* [Exercise] Beginning with the line that holds "basis_labels D n then" in the data below, give again every line through the one that holds "the basis and", exactly as written.

* [Source material]
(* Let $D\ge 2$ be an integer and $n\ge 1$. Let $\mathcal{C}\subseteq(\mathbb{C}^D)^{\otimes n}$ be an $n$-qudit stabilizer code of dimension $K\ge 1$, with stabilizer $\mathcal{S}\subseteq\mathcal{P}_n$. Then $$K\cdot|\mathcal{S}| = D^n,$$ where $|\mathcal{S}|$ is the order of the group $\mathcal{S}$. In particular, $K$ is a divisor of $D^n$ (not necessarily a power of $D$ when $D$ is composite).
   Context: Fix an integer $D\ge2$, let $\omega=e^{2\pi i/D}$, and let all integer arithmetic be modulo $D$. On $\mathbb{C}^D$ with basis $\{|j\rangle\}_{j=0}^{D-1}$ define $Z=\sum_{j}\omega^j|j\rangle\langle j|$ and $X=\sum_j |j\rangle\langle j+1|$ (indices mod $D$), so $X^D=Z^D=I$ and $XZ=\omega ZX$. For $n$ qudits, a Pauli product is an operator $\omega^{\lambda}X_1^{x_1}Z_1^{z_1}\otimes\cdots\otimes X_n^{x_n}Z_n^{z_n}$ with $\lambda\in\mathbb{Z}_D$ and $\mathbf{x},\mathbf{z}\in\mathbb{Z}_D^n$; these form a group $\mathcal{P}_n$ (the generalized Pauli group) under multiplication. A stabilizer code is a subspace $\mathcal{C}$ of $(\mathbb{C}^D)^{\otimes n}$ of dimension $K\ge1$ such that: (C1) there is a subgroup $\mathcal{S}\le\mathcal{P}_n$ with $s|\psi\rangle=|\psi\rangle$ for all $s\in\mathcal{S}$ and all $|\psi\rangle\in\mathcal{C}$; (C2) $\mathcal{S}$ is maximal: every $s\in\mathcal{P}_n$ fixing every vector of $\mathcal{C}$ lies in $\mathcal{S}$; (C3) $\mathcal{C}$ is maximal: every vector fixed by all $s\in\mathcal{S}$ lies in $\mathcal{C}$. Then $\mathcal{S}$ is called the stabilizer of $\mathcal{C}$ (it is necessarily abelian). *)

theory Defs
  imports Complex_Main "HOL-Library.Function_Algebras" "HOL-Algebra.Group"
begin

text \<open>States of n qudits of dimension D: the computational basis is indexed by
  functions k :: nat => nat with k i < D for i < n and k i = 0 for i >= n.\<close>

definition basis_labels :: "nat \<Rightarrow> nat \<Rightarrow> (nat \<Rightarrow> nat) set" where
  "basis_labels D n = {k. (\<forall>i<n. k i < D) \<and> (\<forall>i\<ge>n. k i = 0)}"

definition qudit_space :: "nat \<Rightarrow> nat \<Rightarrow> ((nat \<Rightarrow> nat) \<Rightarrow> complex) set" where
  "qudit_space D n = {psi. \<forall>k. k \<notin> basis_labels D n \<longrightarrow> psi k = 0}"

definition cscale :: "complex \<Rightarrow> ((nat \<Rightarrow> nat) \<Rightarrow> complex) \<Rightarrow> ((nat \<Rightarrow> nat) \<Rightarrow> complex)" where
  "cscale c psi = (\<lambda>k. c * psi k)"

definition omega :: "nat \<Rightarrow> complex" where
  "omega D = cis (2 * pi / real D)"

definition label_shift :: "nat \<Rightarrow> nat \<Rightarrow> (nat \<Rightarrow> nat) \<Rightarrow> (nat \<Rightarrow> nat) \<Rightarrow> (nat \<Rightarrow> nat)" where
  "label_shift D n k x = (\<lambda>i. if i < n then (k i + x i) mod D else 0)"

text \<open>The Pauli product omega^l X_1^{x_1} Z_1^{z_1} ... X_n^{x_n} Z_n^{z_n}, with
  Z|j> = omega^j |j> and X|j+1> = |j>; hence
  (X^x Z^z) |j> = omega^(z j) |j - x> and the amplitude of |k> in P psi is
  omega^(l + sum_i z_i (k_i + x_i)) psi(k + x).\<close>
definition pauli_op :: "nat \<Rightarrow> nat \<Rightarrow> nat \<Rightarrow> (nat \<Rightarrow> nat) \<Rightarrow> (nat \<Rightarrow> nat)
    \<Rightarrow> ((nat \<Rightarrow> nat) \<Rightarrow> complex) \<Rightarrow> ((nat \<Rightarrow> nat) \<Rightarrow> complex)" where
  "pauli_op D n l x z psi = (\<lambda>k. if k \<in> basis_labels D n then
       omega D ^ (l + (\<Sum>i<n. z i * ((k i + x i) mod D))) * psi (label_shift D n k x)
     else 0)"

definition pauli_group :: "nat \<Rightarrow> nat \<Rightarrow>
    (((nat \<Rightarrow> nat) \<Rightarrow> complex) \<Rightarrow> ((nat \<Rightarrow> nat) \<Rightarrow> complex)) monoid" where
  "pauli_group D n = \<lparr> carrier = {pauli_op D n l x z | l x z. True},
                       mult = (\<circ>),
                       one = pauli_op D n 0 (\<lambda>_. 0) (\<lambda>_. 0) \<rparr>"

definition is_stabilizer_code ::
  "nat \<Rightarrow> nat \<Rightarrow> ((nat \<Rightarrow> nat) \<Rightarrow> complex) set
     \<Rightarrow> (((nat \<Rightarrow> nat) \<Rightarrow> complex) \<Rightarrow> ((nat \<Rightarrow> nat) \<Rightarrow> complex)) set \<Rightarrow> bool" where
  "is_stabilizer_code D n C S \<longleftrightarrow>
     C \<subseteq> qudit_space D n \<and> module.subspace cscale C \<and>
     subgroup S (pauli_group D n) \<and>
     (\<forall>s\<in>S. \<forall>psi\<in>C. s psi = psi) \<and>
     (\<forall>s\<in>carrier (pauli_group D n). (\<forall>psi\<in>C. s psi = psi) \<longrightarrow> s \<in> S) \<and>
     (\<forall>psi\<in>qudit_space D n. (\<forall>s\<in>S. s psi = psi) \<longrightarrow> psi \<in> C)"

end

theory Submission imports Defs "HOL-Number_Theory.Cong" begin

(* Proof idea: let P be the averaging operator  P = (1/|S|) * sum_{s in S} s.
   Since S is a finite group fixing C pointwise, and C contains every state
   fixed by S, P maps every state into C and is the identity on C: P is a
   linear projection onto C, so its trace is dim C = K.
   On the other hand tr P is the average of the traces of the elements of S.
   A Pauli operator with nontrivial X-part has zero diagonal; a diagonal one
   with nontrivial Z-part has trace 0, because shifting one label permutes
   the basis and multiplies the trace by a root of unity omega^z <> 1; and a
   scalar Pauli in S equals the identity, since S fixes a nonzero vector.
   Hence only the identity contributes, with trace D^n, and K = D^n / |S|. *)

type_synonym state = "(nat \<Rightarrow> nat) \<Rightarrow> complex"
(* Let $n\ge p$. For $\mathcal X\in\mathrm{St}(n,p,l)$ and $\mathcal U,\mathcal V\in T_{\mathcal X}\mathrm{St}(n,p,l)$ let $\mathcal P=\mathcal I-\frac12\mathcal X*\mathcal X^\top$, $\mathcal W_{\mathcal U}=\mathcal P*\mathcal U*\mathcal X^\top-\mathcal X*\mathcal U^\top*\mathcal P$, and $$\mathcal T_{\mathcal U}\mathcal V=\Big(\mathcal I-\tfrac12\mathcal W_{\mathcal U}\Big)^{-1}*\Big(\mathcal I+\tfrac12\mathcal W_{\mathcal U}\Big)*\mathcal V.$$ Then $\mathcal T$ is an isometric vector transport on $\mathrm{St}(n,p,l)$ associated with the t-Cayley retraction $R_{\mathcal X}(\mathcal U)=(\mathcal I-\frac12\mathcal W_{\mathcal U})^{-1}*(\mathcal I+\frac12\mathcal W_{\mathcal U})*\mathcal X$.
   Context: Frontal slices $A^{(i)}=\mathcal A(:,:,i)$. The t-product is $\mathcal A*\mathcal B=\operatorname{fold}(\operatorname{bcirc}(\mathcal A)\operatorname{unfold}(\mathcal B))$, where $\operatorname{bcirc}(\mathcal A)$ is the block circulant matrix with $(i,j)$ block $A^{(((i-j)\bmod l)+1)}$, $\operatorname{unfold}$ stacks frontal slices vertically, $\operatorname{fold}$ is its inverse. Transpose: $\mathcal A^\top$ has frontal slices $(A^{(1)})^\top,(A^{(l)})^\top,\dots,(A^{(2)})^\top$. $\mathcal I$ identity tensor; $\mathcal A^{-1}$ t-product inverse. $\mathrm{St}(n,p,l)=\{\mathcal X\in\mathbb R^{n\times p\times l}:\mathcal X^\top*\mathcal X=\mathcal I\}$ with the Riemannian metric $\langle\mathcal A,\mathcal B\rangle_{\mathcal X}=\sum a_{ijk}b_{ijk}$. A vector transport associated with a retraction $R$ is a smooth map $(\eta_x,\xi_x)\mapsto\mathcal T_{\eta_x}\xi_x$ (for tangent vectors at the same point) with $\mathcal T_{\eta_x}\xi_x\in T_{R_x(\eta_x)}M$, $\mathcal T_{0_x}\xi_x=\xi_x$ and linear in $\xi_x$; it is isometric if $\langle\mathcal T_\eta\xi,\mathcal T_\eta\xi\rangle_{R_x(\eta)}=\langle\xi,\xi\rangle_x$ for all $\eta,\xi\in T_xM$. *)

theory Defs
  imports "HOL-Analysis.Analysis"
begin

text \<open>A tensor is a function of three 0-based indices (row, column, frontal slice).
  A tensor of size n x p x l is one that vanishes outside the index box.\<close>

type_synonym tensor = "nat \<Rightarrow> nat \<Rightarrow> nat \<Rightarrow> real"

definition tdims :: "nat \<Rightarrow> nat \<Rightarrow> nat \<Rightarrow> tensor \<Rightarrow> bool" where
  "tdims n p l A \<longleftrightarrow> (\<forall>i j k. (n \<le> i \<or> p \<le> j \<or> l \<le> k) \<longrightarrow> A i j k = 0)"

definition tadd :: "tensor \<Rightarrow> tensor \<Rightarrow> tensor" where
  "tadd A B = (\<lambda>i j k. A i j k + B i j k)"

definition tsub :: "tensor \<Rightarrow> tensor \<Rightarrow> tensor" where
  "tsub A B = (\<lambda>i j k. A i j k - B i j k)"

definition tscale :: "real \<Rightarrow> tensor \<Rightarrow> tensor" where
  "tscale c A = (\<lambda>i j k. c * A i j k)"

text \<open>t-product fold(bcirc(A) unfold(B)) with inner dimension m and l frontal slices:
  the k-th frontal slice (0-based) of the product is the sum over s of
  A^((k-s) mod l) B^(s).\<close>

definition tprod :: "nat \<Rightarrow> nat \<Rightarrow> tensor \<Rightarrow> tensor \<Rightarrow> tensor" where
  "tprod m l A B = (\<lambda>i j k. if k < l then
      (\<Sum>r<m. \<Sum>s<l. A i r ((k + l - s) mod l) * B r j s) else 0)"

* [Response]
  "pauli_op D n l x z psi = (\<lambda>k. if k \<in> basis_labels D n then
       omega D ^ (l + (\<Sum>i<n. z i * ((k i + x i) mod D))) * psi (label_shift D n k x)
     else 0)"

definition pauli_group :: "nat \<Rightarrow> nat \<Rightarrow>
    (((nat \<Rightarrow> nat) \<Rightarrow> complex) \<Rightarrow> ((nat \<Rightarrow> nat) \<Rightarrow> complex)) monoid" where
  "pauli_group D n = \<lparr> carrier = {pauli_op D n l x z | l x z. True},
                       mult = (\<circ>),
                       one = pauli_op D n 0 (\<lambda>_. 0) (\<lambda>_. 0) \<rparr>"

definition is_stabilizer_code ::
  "nat \<Rightarrow> nat \<Rightarrow> ((nat \<Rightarrow> nat) \<Rightarrow> complex) set
     \<Rightarrow> (((nat \<Rightarrow> nat) \<Rightarrow> complex) \<Rightarrow> ((nat \<Rightarrow> nat) \<Rightarrow> complex)) set \<Rightarrow> bool" where
  "is_stabilizer_code D n C S \<longleftrightarrow>
     C \<subseteq> qudit_space D n \<and> module.subspace cscale C \<and>
     subgroup S (pauli_group D n) \<and>
     (\<forall>s\<in>S. \<forall>psi\<in>C. s psi = psi) \<and>
     (\<forall>s\<in>carrier (pauli_group D n). (\<forall>psi\<in>C. s psi = psi) \<longrightarrow> s \<in> S) \<and>
     (\<forall>psi\<in>qudit_space D n. (\<forall>s\<in>S. s psi = psi) \<longrightarrow> psi \<in> C)"

end

theory Submission imports Defs "HOL-Number_Theory.Cong" begin

(* Proof idea: let P be the averaging operator  P = (1/|S|) * sum_{s in S} s.
   Since S is a finite group fixing C pointwise, and C contains every state
   fixed by S, P maps every state into C and is the identity on C: P is a
   linear projection onto C, so its trace is dim C = K.
   On the other hand tr P is the average of the traces of the elements of S.
   A Pauli operator with nontrivial X-part has zero diagonal; a diagonal one
   with nontrivial Z-part has trace 0, because shifting one label permutes
   the basis and multiplies the trace by a root of unity omega^z <> 1; and a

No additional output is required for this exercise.